The Europe and Central Asia (ECA) region is still struggling to return to robust growth following a short-lived rebound after the global economic crisis of 2009. A slowdown in the pace of structural reforms, accompanied by tepid growth in the global economy and uncertainty arising from the conflict in Ukraine, continue to cloud the outlook.
Economic growth in ECA remains slower than most other regions of the world. In 2014, GDP growth for ECA as a whole is expected to be only 1.8 percent, improving slightly up to 2.1 percent for 2015.
Central and East European (CEE) countries are expected to see growth accelerate to 2.5 percent in 2014 and to 2.8 percent in 2015 – a significant improvement from the previous two years when growth was very modest (0.8 percent in 2012 and 1.3 percent in 2013). Unemployment rates, however, remain above 10 percent in several CEE countries.
Due to structural rigidities and fiscal consolidation, economic growth in the Western Balkans is expected to drop from 2.4 in 2013 to only 0.6 percent in 2014, and then recover modestly to a projected 1.9 percent in 2015.
GDP growth in Russia was just 0.8 percent in the first half of 2014, compared to 0.9 percent in the first half of 2013. Looking ahead, the baseline scenario is one of stagnation, with projected 0.5 percent growth for 2014, 0.3 percent in 2015, and 0.4 percent in 2016. This baseline is paired with two alternative scenarios. An optimistic scenario foresees a small growth recovery to 0.9 percent in 2015 and 1.3 percent in 2016. A pessimistic scenario sees a projected 0.4 percent growth for 2014, and the economy slipping into a low-level recession, contracting by 0.9 percent in 2015 and 0.4 percent in 2016.
The Commonwealth of Independent States (CIS) economies have been hard hit by the crisis in Ukraine and stagnation in Russia. Growth is expected to be a meager 1 percent in 2014 and to rise only slightly to 1.3 percent in 2015.
In Turkey, growth has also slowed from over 4 percent in 2013, but is projected to stabilize at about 3.5 percent in 2014 and 2015.
The weak external environment, particularly slow growth in Western Europe, has dampened growth prospects for ECA in 2014. Western Europe continues to face sluggish demand and structural challenges, which are contributing to below-target inflation. Expectations of quantitative monetary easing policy in the Eurozone and the resulting weakening of the Euro may help lift demand in the short-term, including in several ECA countries for which the Euro Area is an important export destination. However, the external environment for ECA economies is not expected to become particularly favorable in coming years.
Remaining debt overhang and lost competitiveness in several new EU member states and Balkan countries are other factors that will continue to constrain the recovery. High levels of external debt and needs for large-scale external financing make some ECA countries particularly vulnerable to changing conditions in international financial markets. The high levels of Non-Performing Loans (NPLs) in the region, together with the ongoing restructuring of the banking sector, are likely to continue to restrain investment and consumer demand in 2015.

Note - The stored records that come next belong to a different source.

(* Fix $Y$, $q>0$, $\beta\in(0,1)$ and $\rho\in\mathbb R$, and let $(a^*(\delta),b^*(\delta))$ be the selected pair as a function of $\delta>0$. Then $b^*(\delta)>0$ for all sufficiently large $\delta$, and $b^*(\delta)\to\infty$ as $\delta\uparrow\infty$.
   Context: Let $Y$ be a spectrally positive Lévy process (not a subordinator) with Laplace exponent $\psi_Y(\theta)=\log\mathbb E[e^{-\theta Y_1}]$ and $\mathbb E[Y_1]=-\psi_Y'(0+)<\infty$. For $\delta>0$, let $X_t=Y_t-\delta t$, with $\psi_X(\theta)=\psi_Y(\theta)+\delta\theta$; the objects below depending on $X$ depend on $\delta$. The scale functions $\mathbb W^{(q)}$ and $W^{(q)}$ vanish on $(-\infty,0)$, are continuous and strictly increasing on $[0,\infty)$, and have Laplace transforms $1/(\psi_Y(\theta)-q)$ and $1/(\psi_X(\theta)-q)$, respectively. Let $\mathbb Z^{(q)}(x)=1+q\int_0^x\mathbb W^{(q)}$, $Z^{(q)}(x)=1+q\int_0^xW^{(q)}$, $\overline Z^{(q)}(x)=\int_0^xZ^{(q)}$, and $R^{(q)}(z)=\overline Z^{(q)}(z)+\psi_X'(0+)/q$. Let $\tilde r^{(q)}_c(z)=R^{(q)}(z)+\delta\int_c^z\mathbb W^{(q)}(z-y)Z^{(q)}(y)\,dy$ and $\Gamma(a,b)=\delta\mathbb Z^{(q)}(a)-q\rho-q\beta\tilde r^{(q)}_{b-a}(b)$ for $0\le a\le b$. Selected pair: if $\Gamma(0,0)=\delta-q\rho-\beta\psi_X'(0+)\le0$, then $a^*=b^*=0$. Otherwise, $b^*>0$ is the unique root of $\min_{0\le a\le b^*}\Gamma(a,b^* )=0$, and $a^*$ is the unique minimizer of $a\mapsto\Gamma(a,b^* )$ on $[0,b^*]$. *)

theory Defs
  imports "HOL-Analysis.Analysis"
begin

text \<open>A spectrally positive Levy process Y is represented through its Levy-Khintchine
  triple (c, sigma, Pi): Pi is a Levy measure on (0,infinity), and the Laplace exponent is
  psi_Y(theta) = log E[exp(-theta Y_1)]
     = c theta + sigma^2 theta^2 / 2 + int (exp(-theta z) - 1 + theta z 1_{z<1}) Pi(dz).\<close>

definition psiY :: "real \<Rightarrow> real \<Rightarrow> real measure \<Rightarrow> real \<Rightarrow> real" where
  "psiY c \<sigma> Lm \<theta> = c * \<theta> + \<sigma>\<^sup>2 / 2 * \<theta>\<^sup>2
      + (\<integral>z. (exp (- \<theta> * z) - 1 + \<theta> * z * indicator {..<1} z) \<partial>Lm)"

text \<open>Y is a subordinator (non-decreasing paths) iff sigma = 0, int_{(0,1)} z Pi(dz) < infinity,
  and the drift  -(c + int_{(0,1)} z Pi(dz))  is non-negative.\<close>
definition is_subordinator_triple :: "real \<Rightarrow> real \<Rightarrow> real measure \<Rightarrow> bool" where
  "is_subordinator_triple c \<sigma> Lm \<longleftrightarrow>
     \<sigma> = 0 \<and> set_integrable Lm {..<1} (\<lambda>z. z) \<and> c + (LINT z:{..<1}|Lm. z) \<le> 0"

text \<open>Standing assumptions: spectrally positive Levy process, not a subordinator,
  with E[Y_1] < infinity (equivalently int_{[1,infinity)} z Pi(dz) < infinity).\<close>
definition sp_levy_triple :: "real \<Rightarrow> real \<Rightarrow> real measure \<Rightarrow> bool" where
  "sp_levy_triple c \<sigma> Lm \<longleftrightarrow>
     sets Lm = sets borel \<and> emeasure Lm {..0} = 0 \<and> \<sigma> \<ge> 0 \<and>
     integrable Lm (\<lambda>z. min 1 (z\<^sup>2)) \<and>
     set_integrable Lm {1..} (\<lambda>z. z) \<and>
     \<not> is_subordinator_triple c \<sigma> Lm"

text \<open>Right derivative at 0 of a Laplace exponent (note psi(0) = 0).\<close>
definition dpsi0 :: "(real \<Rightarrow> real) \<Rightarrow> real" where
  "dpsi0 \<psi> = Lim (at_right 0) (\<lambda>\<theta>. \<psi> \<theta> / \<theta>)"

At the same time, fiscal positions are slowly improving, and many countries in the region are gradually regaining competitiveness after wage adjustments. Projected stability in oil prices, down from high levels in prior years, should also mitigate uncertainty among energy importers in the ECA region. This all makes it likely that the recovery in the western part of ECA continues, albeit not at a fast pace.

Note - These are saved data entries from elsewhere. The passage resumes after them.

(* Let $a\in\mathfrak{gl}(d,\mathbb{R})$ and let $K=\mathbb{R}\ltimes\mathbb{R}^d$ be the semi-direct product in which $t\in\mathbb{R}$ acts on $\mathbb{R}^d$ by $e^{ta}$, i.e. with group law $(t,v)(s,w)=(t+s,\,v+e^{ta}w)$. Let $\lambda_1,\dots,\lambda_l$ be the nonzero purely imaginary eigenvalues of $a$. If $t\notin\bigcup_{i=1}^{l}\frac{2\pi}{\lambda_i}\sqrt{-1}\,\mathbb{Z}$, then for every $v\in\mathbb{R}^d$ the element $(t,v)$ belongs to some one-parameter subgroup of $K$. *)

theory Defs
  imports "HOL-Analysis.Analysis"
begin

fun matpow :: "real^'n^'n \<Rightarrow> nat \<Rightarrow> real^'n^'n" where
  "matpow A 0 = mat 1"
| "matpow A (Suc k) = A ** matpow A k"

definition mexp :: "real^'n^'n \<Rightarrow> real^'n^'n" where
  "mexp A = (\<Sum>k. (1 / fact k) *\<^sub>R matpow A k)"

definition kmul :: "real^'n^'n \<Rightarrow> real \<times> (real^'n) \<Rightarrow> real \<times> (real^'n) \<Rightarrow> real \<times> (real^'n)" where
  "kmul a x y = (fst x + fst y, snd x + mexp (fst x *\<^sub>R a) *v snd y)"

definition one_param_subgroup :: "real^'n^'n \<Rightarrow> (real \<Rightarrow> real \<times> (real^'n)) \<Rightarrow> bool" where
  "one_param_subgroup a \<phi> \<longleftrightarrow> continuous_on UNIV \<phi> \<and> (\<forall>s u. \<phi> (s + u) = kmul a (\<phi> s) (\<phi> u))"

definition cplx_eigenvalue :: "real^'n^'n \<Rightarrow> complex \<Rightarrow> bool" where
  "cplx_eigenvalue a c \<longleftrightarrow>
     (\<exists>z :: complex^'n. z \<noteq> 0 \<and> (\<chi> i j. complex_of_real (a $ i $ j)) *v z = c *s z)"

end

theory Submission
  imports Defs "HOL-Computational_Algebra.Fundamental_Theorem_Algebra"
begin

(* With X = t a, the element (t, v) lies on s \<mapsto> (s t, F s y), where
   F s = \<integral>_0^s exp (r X) dr = \<Sum>k. s^(k+1)/(k+1)! X^k; this is a one-parameter subgroup
   because F (s + u) = F s + exp (s X) F u. It remains to choose y with F 1 y = v, i.e. to show
   that F 1 is invertible. Since F 1 commutes with a, a nonzero kernel of F 1 would contain a
   complex eigenvector of a, with eigenvalue \<mu> say, on which F 1 acts as the scalar
   (exp (t \<mu>) - 1) / (t \<mu>) (as 1 if t \<mu> = 0). This scalar vanishes only if
   t \<mu> \<in> 2 \<pi> \<i> \<int> - {0}, which the hypothesis excludes. *)

section \<open>The integrated exponential in a Banach algebra\<close>

(* int_exp X s is the integral of exp (r X) from r = 0 to r = s. *)
definition int_exp :: "'a::{real_normed_algebra_1,banach} \<Rightarrow> real \<Rightarrow> 'a" where
  "int_exp X s = (\<Sum>k. (s ^ Suc k / fact (Suc k)) *\<^sub>R X ^ k)"

lemma norm_int_exp_term_le:
  fixes X :: "'a::{real_normed_algebra_1,banach}"
  shows "norm ((s ^ Suc k / fact (Suc k)) *\<^sub>R X ^ k) \<le> \<bar>s\<bar> * ((\<bar>s\<bar> * norm X) ^ k /\<^sub>R fact k)"
proof -
  have "norm ((s ^ Suc k / fact (Suc k)) *\<^sub>R X ^ k) = \<bar>s\<bar> ^ Suc k / fact (Suc k) * norm (X ^ k)"
    by (simp add: power_abs abs_mult)
  also have "\<dots> \<le> \<bar>s\<bar> ^ Suc k / fact k * norm X ^ k"
  proof (rule mult_mono)
    show "\<bar>s\<bar> ^ Suc k / fact (Suc k) \<le> \<bar>s\<bar> ^ Suc k / fact k"
      by (rule divide_left_mono) (simp_all add: fact_mono)
  qed (simp_all add: norm_power_ineq)
  also have "\<dots> = \<bar>s\<bar> * ((\<bar>s\<bar> * norm X) ^ k /\<^sub>R fact k)"
    by (simp add: power_mult_distrib field_simps)
  finally show ?thesis .
qed

lemma summable_norm_int_exp:
  fixes X :: "'a::{real_normed_algebra_1,banach}"
  shows "summable (\<lambda>k. norm ((s ^ Suc k / fact (Suc k)) *\<^sub>R X ^ k))"
proof (rule summable_norm_comparison_test [OF exI, rule_format])
  show "summable (\<lambda>k. \<bar>s\<bar> * ((\<bar>s\<bar> * norm X) ^ k /\<^sub>R fact k))"
    by (intro summable_mult summable_exp_generic)
  show "norm ((s ^ Suc k / fact (Suc k)) *\<^sub>R X ^ k) \<le> \<bar>s\<bar> * ((\<bar>s\<bar> * norm X) ^ k /\<^sub>R fact k)" for k
    by (rule norm_int_exp_term_le)
qed

lemma int_exp_sums:
  "(\<lambda>k. (s ^ Suc k / fact (Suc k)) *\<^sub>R X ^ k) sums int_exp X s"
  unfolding int_exp_def by (rule summable_sums[OF summable_norm_cancel[OF summable_norm_int_exp]])

lemma int_exp_0 [simp]: "int_exp 0 s = s *\<^sub>R 1"
proof -
  have "(\<lambda>k. (s ^ Suc k / fact (Suc k)) *\<^sub>R (0::'a) ^ k) sums (s *\<^sub>R 1)"
    using sums_single[of 0 "\<lambda>_. s *\<^sub>R (1::'a)"] by (simp add: power_0_left if_distrib cong: if_cong)
  then show ?thesis using int_exp_sums sums_unique2 by blast
qed

lemma mult_int_exp: "X * int_exp X s = exp (s *\<^sub>R X) - 1"
proof -
  have shifted: "X * ((s ^ Suc k / fact (Suc k)) *\<^sub>R X ^ k) = (s *\<^sub>R X) ^ Suc k /\<^sub>R fact (Suc k)" for k
    by (simp add: divide_inverse_commute)
  have "(\<lambda>k. X * ((s ^ Suc k / fact (Suc k)) *\<^sub>R X ^ k)) sums (X * int_exp X s)"
    by (rule sums_mult[OF int_exp_sums])
  then have "(\<lambda>k. (s *\<^sub>R X) ^ Suc k /\<^sub>R fact (Suc k)) sums (X * int_exp X s)"
    by (simp only: shifted)
  moreover have "(\<lambda>k. (s *\<^sub>R X) ^ Suc k /\<^sub>R fact (Suc k)) sums (exp (s *\<^sub>R X) - 1)"
    using exp_converges[of "s *\<^sub>R X"] by (subst sums_Suc_iff) simp
  ultimately show ?thesis by (rule sums_unique2)
qed

lemma int_exp_commute:
  assumes "Y * X = X * Y"
  shows "Y * int_exp X s = int_exp X s * Y"
proof -
  have "(\<lambda>k. Y * ((s ^ Suc k / fact (Suc k)) *\<^sub>R X ^ k)) sums (Y * int_exp X s)"
    by (intro sums_mult int_exp_sums)
  moreover have "(\<lambda>k. ((s ^ Suc k / fact (Suc k)) *\<^sub>R X ^ k) * Y) sums (int_exp X s * Y)"
    by (intro sums_mult2 int_exp_sums)
  moreover have "Y * X ^ k = X ^ k * Y" for k
    using assms by (simp add: power_commuting_commutes)
  ultimately show ?thesis using sums_unique2 by (simp add: mult_scaleR_right mult_scaleR_left)
qed

lemma exp_int_exp_Cauchy_coeff:
  fixes s u :: real
  shows "(\<Sum>i\<le>n. s ^ i / fact i * (u ^ Suc (n - i) / fact (Suc (n - i))))
       = (s + u) ^ Suc n / fact (Suc n) - s ^ Suc n / fact (Suc n)"
proof -
  have "(s + u) ^ Suc n / fact (Suc n) = (\<Sum>i\<le>Suc n. s ^ i / fact i * (u ^ (Suc n - i) / fact (Suc n - i)))"
    using exp_series_add_commuting[of s u "Suc n"] by (simp add: divide_inverse mult.commute)
  also have "\<dots> = (\<Sum>i\<le>n. s ^ i / fact i * (u ^ Suc (n - i) / fact (Suc (n - i)))) + s ^ Suc n / fact (Suc n)"
    by (simp add: Suc_diff_le)
  finally show ?thesis by simp
qed

lemma int_exp_add: "int_exp X (s + u) = int_exp X s + exp (s *\<^sub>R X) * int_exp X u"
proof -
  let ?a = "\<lambda>i. (s *\<^sub>R X) ^ i /\<^sub>R fact i" and ?b = "\<lambda>j. (u ^ Suc j / fact (Suc j)) *\<^sub>R X ^ j"
  have "?a i * ?b (n - i) = (s ^ i / fact i * (u ^ Suc (n - i) / fact (Suc (n - i)))) *\<^sub>R X ^ n"
    if "i \<le> n" for i n
  proof -
    have "X ^ i * X ^ (n - i) = X ^ n"
      using that by (simp flip: power_add)
    then show ?thesis
      by (simp add: divide_inverse_commute)
  qed
  then have "(\<Sum>i\<le>n. ?a i * ?b (n - i))
      = (\<Sum>i\<le>n. s ^ i / fact i * (u ^ Suc (n - i) / fact (Suc (n - i)))) *\<^sub>R X ^ n" for n
    by (simp add: scaleR_sum_left)
  then have Cauchy_coeff: "(\<Sum>i\<le>n. ?a i * ?b (n - i))
      = ((s + u) ^ Suc n / fact (Suc n)) *\<^sub>R X ^ n - (s ^ Suc n / fact (Suc n)) *\<^sub>R X ^ n" for n
    by (simp only: exp_int_exp_Cauchy_coeff scaleR_diff_left)
  have "exp (s *\<^sub>R X) * int_exp X u = (\<Sum>n. \<Sum>i\<le>n. ?a i * ?b (n - i))"
    unfolding exp_def int_exp_def by (rule Cauchy_product[OF summable_norm_exp summable_norm_int_exp])
  also have "\<dots> = (\<Sum>n. ((s + u) ^ Suc n / fact (Suc n)) *\<^sub>R X ^ n - (s ^ Suc n / fact (Suc n)) *\<^sub>R X ^ n)"
    by (simp only: Cauchy_coeff)
  also have "\<dots> = int_exp X (s + u) - int_exp X s"
    by (rule sums_unique[symmetric], rule sums_diff[OF int_exp_sums int_exp_sums])
  finally show ?thesis
    by simp
qed

lemma norm_int_exp_le: "norm (int_exp X u) \<le> \<bar>u\<bar> * exp (\<bar>u\<bar> * norm X)"
proof -
  have majorant: "(\<lambda>k. \<bar>u\<bar> * ((\<bar>u\<bar> * norm X) ^ k /\<^sub>R fact k)) sums (\<bar>u\<bar> * exp (\<bar>u\<bar> * norm X))"
    by (rule sums_mult[OF exp_converges])
  have "norm (int_exp X u) \<le> (\<Sum>k. \<bar>u\<bar> * ((\<bar>u\<bar> * norm X) ^ k /\<^sub>R fact k))"
    unfolding int_exp_def by (rule norm_suminf_le[OF norm_int_exp_term_le sums_summable[OF majorant]])
  also have "\<dots> = \<bar>u\<bar> * exp (\<bar>u\<bar> * norm X)"
    using majorant by (rule sums_unique[symmetric])
  finally show ?thesis .
qed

In the eastern part of ECA, Russia and some neighboring countries are slowing as past drivers of strong growth have largely run their course. In addition, the conflict and sanctions affecting Ukraine and Russia has tipped Ukraine into deep crisis and created headwinds of uncertainty for much of the region, though it has not materialized into a major factor in altering the underlying economic trends in the region. In Russia, geopolitical tensions and an uncertain policy environment are casting the longest shadow on Russia’s medium-term prospects.
In order to reach the World Bank Group’s twin goals of ending extreme poverty within a generation and boosting shared prosperity, the ECA region’s strategy focuses on two main pillars: 1) competitiveness and shared prosperity through jobs, and 2) environmental, social, and fiscal sustainability, including through climate action. Governance and gender continue to be thematic priorities within interventions of both pillars.

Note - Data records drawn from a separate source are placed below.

definition mat_subgroup :: "nat \<Rightarrow> 'a::field mat set \<Rightarrow> bool" where
  "mat_subgroup n H \<longleftrightarrow> H \<subseteq> GL_mat n \<and> 1\<^sub>m n \<in> H \<and>
     (\<forall>g\<in>H. \<forall>h\<in>H. g * h \<in> H) \<and> (\<forall>g\<in>H. \<exists>h\<in>H. g * h = 1\<^sub>m n)"

text \<open>H^x = x^{-1} H x, for invertible x (g = x^{-1} h x iff x g = h x).\<close>
definition conj_set :: "nat \<Rightarrow> 'a::field mat \<Rightarrow> 'a mat set \<Rightarrow> 'a mat set" where
  "conj_set n x H = {g \<in> carrier_mat n n. \<exists>h\<in>H. x * g = h * x}"

text \<open>Offset of the j-th diagonal block (blocks listed from the top-left).\<close>
definition blk_off :: "nat list \<Rightarrow> nat \<Rightarrow> nat" where
  "blk_off ns j = sum_list (take j ns)"

definition block_upper :: "nat list \<Rightarrow> 'a::zero mat \<Rightarrow> bool" where
  "block_upper ns g \<longleftrightarrow> (\<forall>a<length ns. \<forall>b<a. \<forall>r c.
      blk_off ns a \<le> r \<and> r < blk_off ns a + ns ! a \<and>
      blk_off ns b \<le> c \<and> c < blk_off ns b + ns ! b \<longrightarrow> g $$ (r, c) = 0)"

definition diag_block :: "nat list \<Rightarrow> nat \<Rightarrow> 'a mat \<Rightarrow> 'a mat" where
  "diag_block ns i g = mat (ns ! i) (ns ! i)
     (\<lambda>(r, c). g $$ (blk_off ns i + r, blk_off ns i + c))"

definition subspace_vec :: "nat \<Rightarrow> 'a::field vec set \<Rightarrow> bool" where
  "subspace_vec m W \<longleftrightarrow> W \<subseteq> carrier_vec m \<and> 0\<^sub>v m \<in> W \<and>
     (\<forall>v\<in>W. \<forall>w\<in>W. v + w \<in> W) \<and> (\<forall>a. \<forall>v\<in>W. a \<cdot>\<^sub>v v \<in> W)"

definition irreducible_mats :: "nat \<Rightarrow> 'a::field mat set \<Rightarrow> bool" where
  "irreducible_mats m S \<longleftrightarrow> 0 < m \<and>
     (\<forall>W. subspace_vec m W \<and> (\<forall>h\<in>S. \<forall>w\<in>W. h *\<^sub>v w \<in> W)
        \<longrightarrow> W = {0\<^sub>v m} \<or> W = carrier_vec m)"

end

theory Submission
  imports Defs
begin

text \<open>Take \<open>x = diag(x\<^sub>1, \<dots>, x\<^sub>k)\<close>. The diagonal-block maps \<open>\<gamma>\<^sub>i\<close> are multiplicative on
  block upper triangular matrices, so \<open>x g = h x\<close> with \<open>g, h \<in> H\<close> gives
  \<open>x\<^sub>i \<gamma>\<^sub>i(g) = \<gamma>\<^sub>i(h) x\<^sub>i\<close>; hence every diagonal block of \<open>g \<in> K = H \<inter> H\<^sup>x\<close> lies in
  \<open>H\<^sub>i \<inter> H\<^sub>i\<^bsup>x\<^sub>i\<^esub>\<close>, and \<open>K\<close> consists of upper triangular matrices. Conjugation by an
  antidiagonal matrix \<open>y\<close> (which can be chosen of determinant 1) turns upper into lower
  triangular matrices, so \<open>K \<inter> K\<^sup>y\<close> is diagonal.\<close>

lemma blk_off_Cons_0 [simp]: "blk_off (m # ns) 0 = 0"
  by (simp add: blk_off_def)

lemma blk_off_Cons_Suc [simp]: "blk_off (m # ns) (Suc i) = m + blk_off ns i"
  by (simp add: blk_off_def)

lemma blk_off_Suc: "i < length ns \<Longrightarrow> blk_off ns (Suc i) = blk_off ns i + ns ! i"
  by (simp add: blk_off_def take_Suc_conv_app_nth)

lemma blk_off_mono: "i \<le> j \<Longrightarrow> blk_off ns i \<le> blk_off ns j"
  by (auto simp: blk_off_def le_iff_add take_add)

lemma blk_end_le_blk_off: "i < j \<Longrightarrow> j < length ns \<Longrightarrow> blk_off ns i + ns ! i \<le> blk_off ns j"
  using blk_off_Suc[of i ns] blk_off_mono[of "Suc i" j ns] by simp

lemma blk_end_le_sum_list: "i < length ns \<Longrightarrow> blk_off ns i + ns ! i \<le> sum_list ns"
  by (metis blk_off_Suc blk_off_def append_take_drop_id sum_list_append le_add1)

Competitiveness and shared prosperity through jobs
In the past decade, most ECA countries have done well in terms of shared prosperity. This means that the incomes of the lower-earning 40 percent of the population have grown. Jobs and access to quality public services are key to ensuring that economic growth benefits the less well-off. Creating quality jobs is a challenge in many ECA economies, especially in Central and South East Europe (CSEE) where unemployment remains stubbornly high since the crisis. Creating new, quality jobs will require structural reforms to strengthen the competitiveness of ECA economies. Such reforms include improving governance and the investment climate, ensuring the stability of the financial sector, upgrading the skills of the labor force, building and maintaining energy and transport infrastructure, and maintaining a sound macroeconomic framework.
To achieve these ends, the Bank has helped improve workers’ skills and support job creation opportunities, modernize tax administrations, improve roads, strengthen the business environment and policies conducive to innovation, increase access to finance for small- and medium-enterprises (SMEs), stabilize public finances, and strengthen financial sector regulations in ECA countries.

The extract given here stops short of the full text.